The result of dir(math)
is a list
of str
instances:
>>> import math
>>> dir(math)
['__doc__', '__file__', '__loader__', '__name__', '__package__', '__spec__', 'acos', 'acosh', 'asin', 'asinh', 'atan', 'atan2', 'atanh', 'ceil', 'comb', 'copysign', 'cos', 'cosh', 'degrees', 'dist', 'e', 'erf', 'erfc', 'exp', 'expm1', 'fabs', 'factorial', 'floor', 'fmod', 'frexp', 'fsum', 'gamma', 'gcd', 'hypot', 'inf', 'isclose', 'isfinite', 'isinf', 'isnan', 'isqrt', 'lcm', 'ldexp', 'lgamma', 'log', 'log10', 'log1p', 'log2', 'modf', 'nan', 'nextafter', 'perm', 'pi', 'pow', 'prod', 'radians', 'remainder', 'sin', 'sinh', 'sqrt', 'tan', 'tanh', 'tau', 'trunc', 'ulp']
and str(dir(math))
, which is what you are scanning with a regexp, is
this:
>>> str(dir(math))
"['__doc__', '__file__', '__loader__', '__name__', '__package__', '__spec__', 'acos', 'acosh', 'asin', 'asinh', 'atan', 'atan2', 'atanh', 'ceil', 'comb', 'copysign', 'cos', 'cosh', 'degrees', 'dist', 'e', 'erf', 'erfc', 'exp', 'expm1', 'fabs', 'factorial', 'floor', 'fmod', 'frexp', 'fsum', 'gamma', 'gcd', 'hypot', 'inf', 'isclose', 'isfinite', 'isinf', 'isnan', 'isqrt', 'lcm', 'ldexp', 'lgamma', 'log', 'log10', 'log1p', 'log2', 'modf', 'nan', 'nextafter', 'perm', 'pi', 'pow', 'prod', 'radians', 'remainder', 'sin', 'sinh', 'sqrt', 'tan', 'tanh', 'tau', 'trunc', 'ulp']"
Here’s your regular expression:
(\b[a-z][^_]+\b[^_])
We can ignore the surrounding ()
, as you are not currently using the
subgroups, so:
\b[a-z][^_]+\b[^_]
being:
- a word boundary
- an alphabetic character
- 1 or more non-underscore characters
- a word boundary
- a non-underscore
This has some problems, exhibited in your output, but let’s look at your
“missing leading quote mark” issue first.
The first character matched in your expression is an alphabetic
character.

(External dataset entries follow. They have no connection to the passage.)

lemma orthogonal_peeling:
  assumes "submodule Y" "nondegenerate Y"
    and step: "\<And>Y'. submodule Y' \<Longrightarrow> nondegenerate Y' \<Longrightarrow> Y' \<subseteq> Y \<Longrightarrow> \<not> stop Y' \<Longrightarrow>
       \<exists>H. P H \<and> submodule H \<and> nondegenerate H \<and> H \<noteq> {0} \<and> H \<subseteq> Y'"
  shows "\<exists>Hs Z. (\<forall>H\<in>set Hs. P H \<and> submodule H \<and> nondegenerate H) \<and>
     submodule Z \<and> nondegenerate Z \<and> stop Z \<and> pairwise_orthogonal (Z # Hs) \<and> Y = sum_list (Z # Hs)"
  using assms
proof (induction "dim Y" arbitrary: Y rule: less_induct)
  case less
  show ?case
  proof (cases "stop Y")
    case True
    then show ?thesis using less.prems(1,2) by (intro exI[of _ "[]"] exI[of _ Y]) simp
  next
    case False
    then obtain H where H: "P H" "submodule H" "nondegenerate H" "H \<noteq> {0}" "H \<subseteq> Y"
      using less.prems by blast
    define Y' where "Y' = Y \<inter> perp H"
    have Y': "submodule Y'" "nondegenerate Y'" "dim Y' < dim Y" "Y' \<subseteq> Y"
      unfolding Y'_def
      using submodule_Int[OF less.prems(1) submodule_perp[OF H(2)]]
        nondegenerate_Int_perp[OF H(2,3,5) less.prems(1,2)]
        dim_Int_perp_less[OF H(2,3,4,5) less.prems(1)] by auto
    obtain Hs Z where IH: "\<forall>H\<in>set Hs. P H \<and> submodule H \<and> nondegenerate H"
      "submodule Z" "nondegenerate Z" "stop Z" "pairwise_orthogonal (Z # Hs)" "Y' = sum_list (Z # Hs)"
      using less.hyps[OF Y'(3) Y'(1,2)] less.prems(3) Y'(4) by blast
    have "W \<subseteq> Y'" if "W \<in> set (Z # Hs)" for W
      unfolding IH(6) using that IH(1,2) submodule_zero by (intro member_sum_list_subset) auto
    then have "b_orthogonal H W" if "W \<in> set (Z # Hs)" for W
      using that unfolding Y'_def by (meson b_orthogonal_perp inf.boundedE)
    then have "pairwise_orthogonal (Z # H # Hs)"
      using IH(5) b_orthogonal_sym by auto
    moreover have "Y = sum_list (Z # H # Hs)"
      using nondegenerate_split[OF H(2,3,5) less.prems(1)] IH(6) unfolding Y'_def
      by (simp add: add.left_commute)
    ultimately show ?thesis
      using IH(1-4) H by (intro exI[of _ "H # Hs"] exI[of _ Z]) auto
  qed
qed

lemma pairing_partner_exists:
  assumes Z: "submodule Z" "nondegenerate Z" and X: "irreducible_submodule X" "X \<subseteq> Z"
  obtains X' where "irreducible_submodule X'" "X' \<subseteq> Z" "\<forall>x'\<in>X'. (\<forall>x\<in>X. b x x' = 0) \<longrightarrow> x' = 0"
proof -
  have X_submodule: "submodule X" and X0: "X \<noteq> {0}"
    using X(1) unfolding irreducible_submodule_def by auto
  define K where "K = Z \<inter> perp X"
  obtain C where C: "submodule C" "C \<subseteq> Z" "K \<inter> C = {0}" "Z \<subseteq> K + C"
    using submodule_complement[OF submodule_Int[OF Z(1) submodule_perp[OF X_submodule]] Z(1)]
    unfolding K_def by blast
  have "C \<noteq> {0}"
  proof
    assume "C = {0}"
    then have "Z \<subseteq> perp X" using C(4) unfolding K_def by (auto simp: set_plus_def)
    moreover obtain x where "x \<in> X" "x \<noteq> 0" using X0 submodule_zero[OF X_submodule] by blast
    ultimately show False using Z(2) X(2) unfolding nondegenerate_def perp_def by blast
  qed
  then obtain X' where X': "irreducible_submodule X'" "X' \<subseteq> C"
    using irreducible_submodule_exists[OF C(1)] by blast
  have "x' = 0" if "x' \<in> X'" "\<forall>x\<in>X. b x x' = 0" for x'
  proof -
    have "x' \<in> K" unfolding K_def perp_def using that X'(2) C(2) by blast
    then show ?thesis using C(3) X'(2) that(1) by blast
  qed
  with X' C(2) show ?thesis using that by blast
qed

lemma irreducible_pairing_nondegenerate:
  assumes X: "irreducible_submodule X" and X': "submodule X'" "X' \<noteq> {0}"
    and right: "\<forall>x'\<in>X'. (\<forall>x\<in>X. b x x' = 0) \<longrightarrow> x' = 0"
  shows "nondegenerate_pairing X X'"
proof -
  have "X \<inter> perp X' = {0} \<or> X \<inter> perp X' = X"
    using X submodule_Int submodule_perp[OF X'(1)] unfolding irreducible_submodule_def by blast
  moreover have "X \<inter> perp X' \<noteq> X"
  proof
    assume "X \<inter> perp X' = X"
    then have "b x x' = 0" if "x \<in> X" "x' \<in> X'" for x x'
    proof -
      have "x \<in> perp X'" using \<open>X \<inter> perp X' = X\<close> that(1) by blast
      then show ?thesis using that(2) b_sym[of x x'] unfolding perp_def by simp
    qed
    then have "\<forall>x'\<in>X'. x' = 0" using right by blast
    then show False using X'(2) submodule_zero[OF X'(1)] by blast
  qed
  ultimately have "X \<inter> perp X' = {0}" by blast
  moreover have "x \<in> perp X'" if "\<forall>x'\<in>X'. b x x' = 0" for x
    using that b_sym[of x] unfolding perp_def by auto
  ultimately show ?thesis using right unfolding nondegenerate_pairing_def by blast
qed

lemma hyperbolic_sum_nondegenerate:
  assumes X: "submodule X" "isotropic X" and X': "submodule X'" "isotropic X'"
    and pairing: "nondegenerate_pairing X X'"
  shows "X \<inter> X' = {0}" and "nondegenerate (X + X')"
proof -
  show "X \<inter> X' = {0}"
    using X X' pairing submodule_zero
    unfolding isotropic_def b_orthogonal_def nondegenerate_pairing_def by blast
  show "nondegenerate (X + X')"
    unfolding nondegenerate_def
  proof (intro ballI impI)
    fix h assume h: "h \<in> X + X'" and h_perp: "\<forall>t\<in>X + X'. b h t = 0"
    from h obtain x x' where xx': "x \<in> X" "x' \<in> X'" "h = x + x'" by (rule set_plus_elim)
    have "X \<subseteq> X + X'" "X' \<subseteq> X + X'"
      using set_zero_plus2[OF submodule_zero[OF X'(1)], of X]
        set_zero_plus2[OF submodule_zero[OF X(1)], of X'] by (simp_all add: add.commute)
    have "b y x' = 0" if "y \<in> X" for y
    proof -
      have "b h y = 0" "b x y = 0"
        using h_perp that \<open>X \<subseteq> X + X'\<close> X(2) xx'(1) unfolding isotropic_def b_orthogonal_def by blast+
      then show ?thesis using xx'(3) by (simp add: b_add_left b_sym[of y])
    qed
    moreover have "b x y' = 0" if "y' \<in> X'" for y'
    proof -
      have "b h y' = 0" "b x' y' = 0"
        using h_perp that \<open>X' \<subseteq> X + X'\<close> X'(2) xx'(2) unfolding isotropic_def b_orthogonal_def by blast+
      then show ?thesis using xx'(3) by (simp add: b_add_left)
    qed
    ultimately have "x = 0" "x' = 0"
      using pairing xx'(1,2) unfolding nondegenerate_pairing_def by blast+
    then show "h = 0" using xx'(3) by simp
  qed
qed

lemma hyperbolic_submodule_exists:
  assumes Z: "submodule Z" "nondegenerate Z" "Z \<noteq> {0}"
    and Z_isotropic: "\<forall>U. irreducible_submodule U \<and> U \<subseteq> Z \<longrightarrow> isotropic U"
  shows "\<exists>H. hyperbolic H \<and> submodule H \<and> nondegenerate H \<and> H \<noteq> {0} \<and> H \<subseteq> Z"
proof -
  obtain X where X: "irreducible_submodule X" "X \<subseteq> Z"
    using irreducible_submodule_exists[OF Z(1,3)] .
  obtain X' where X': "irreducible_submodule X'" "X' \<subseteq> Z"
    and right: "\<forall>x'\<in>X'. (\<forall>x\<in>X. b x x' = 0) \<longrightarrow> x' = 0"
    using pairing_partner_exists[OF Z(1,2) X] .
  have sm: "submodule X" "submodule X'" and nonzero: "X \<noteq> {0}" "X' \<noteq> {0}"
    using X(1) X'(1) unfolding irreducible_submodule_def by auto
  have iso: "isotropic X" "isotropic X'"
    using Z_isotropic X X' by auto
  have pairing: "nondegenerate_pairing X X'"
    using irreducible_pairing_nondegenerate[OF X(1) sm(2) nonzero(2) right] .
  note H = hyperbolic_sum_nondegenerate[OF sm(1) iso(1) sm(2) iso(2) pairing]
  have "X \<subseteq> X + X'"
    using set_zero_plus2[OF submodule_zero[OF sm(2)], of X] by (simp add: add.commute)
  moreover have "X + X' \<subseteq> Z"
    using X(2) X'(2) subspace_add[OF submodule_subspace[OF Z(1)]] by (auto simp: set_plus_def)
  ultimately show ?thesis
    using H X X' iso nonzero(1) submodule_plus[OF sm] submodule_zero[OF sm(1)]
    unfolding hyperbolic_def by blast
qed

lemma nondegenerate_complement_b_radical:
  assumes "b_radical \<inter> Y = {0}" "UNIV \<subseteq> b_radical + Y"
  shows "nondegenerate Y"
  unfolding nondegenerate_def
proof (intro ballI impI)
  fix y assume y: "y \<in> Y" "\<forall>t\<in>Y. b y t = 0"
  have "b y w = 0" for w
  proof -
    from assms(2) have "w \<in> b_radical + Y" by blast
    then obtain k y' where "k \<in> b_radical" "y' \<in> Y" "w = k + y'" by (rule set_plus_elim)
    then show ?thesis using y(2) by (simp add: b_add_right b_radical_def b_sym[of y k])
  qed
  then show "y = 0" using assms(1) y(1) unfolding b_radical_def by blast
qed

So you’re not matching a quote mark, and it will not be
included in your match.
You do match a non-underscore at the end of the expression, and as it
happens that non-underscore is a quote mark in the text, so you get a
quote mark at the end of the match.
All this is because re.findall
, which is the correct thing to do for
the approach you are taking, does not have to match at the start of the
text. You could include the character preceeding the word boundary in
your match, like this (using your “non-underscore” criterion):
[^_]\b[a-z][^_]+\b[^_]
which would pick up the leading quote mark in the matched text.
A larger concern is that you have an overly generous regular expression.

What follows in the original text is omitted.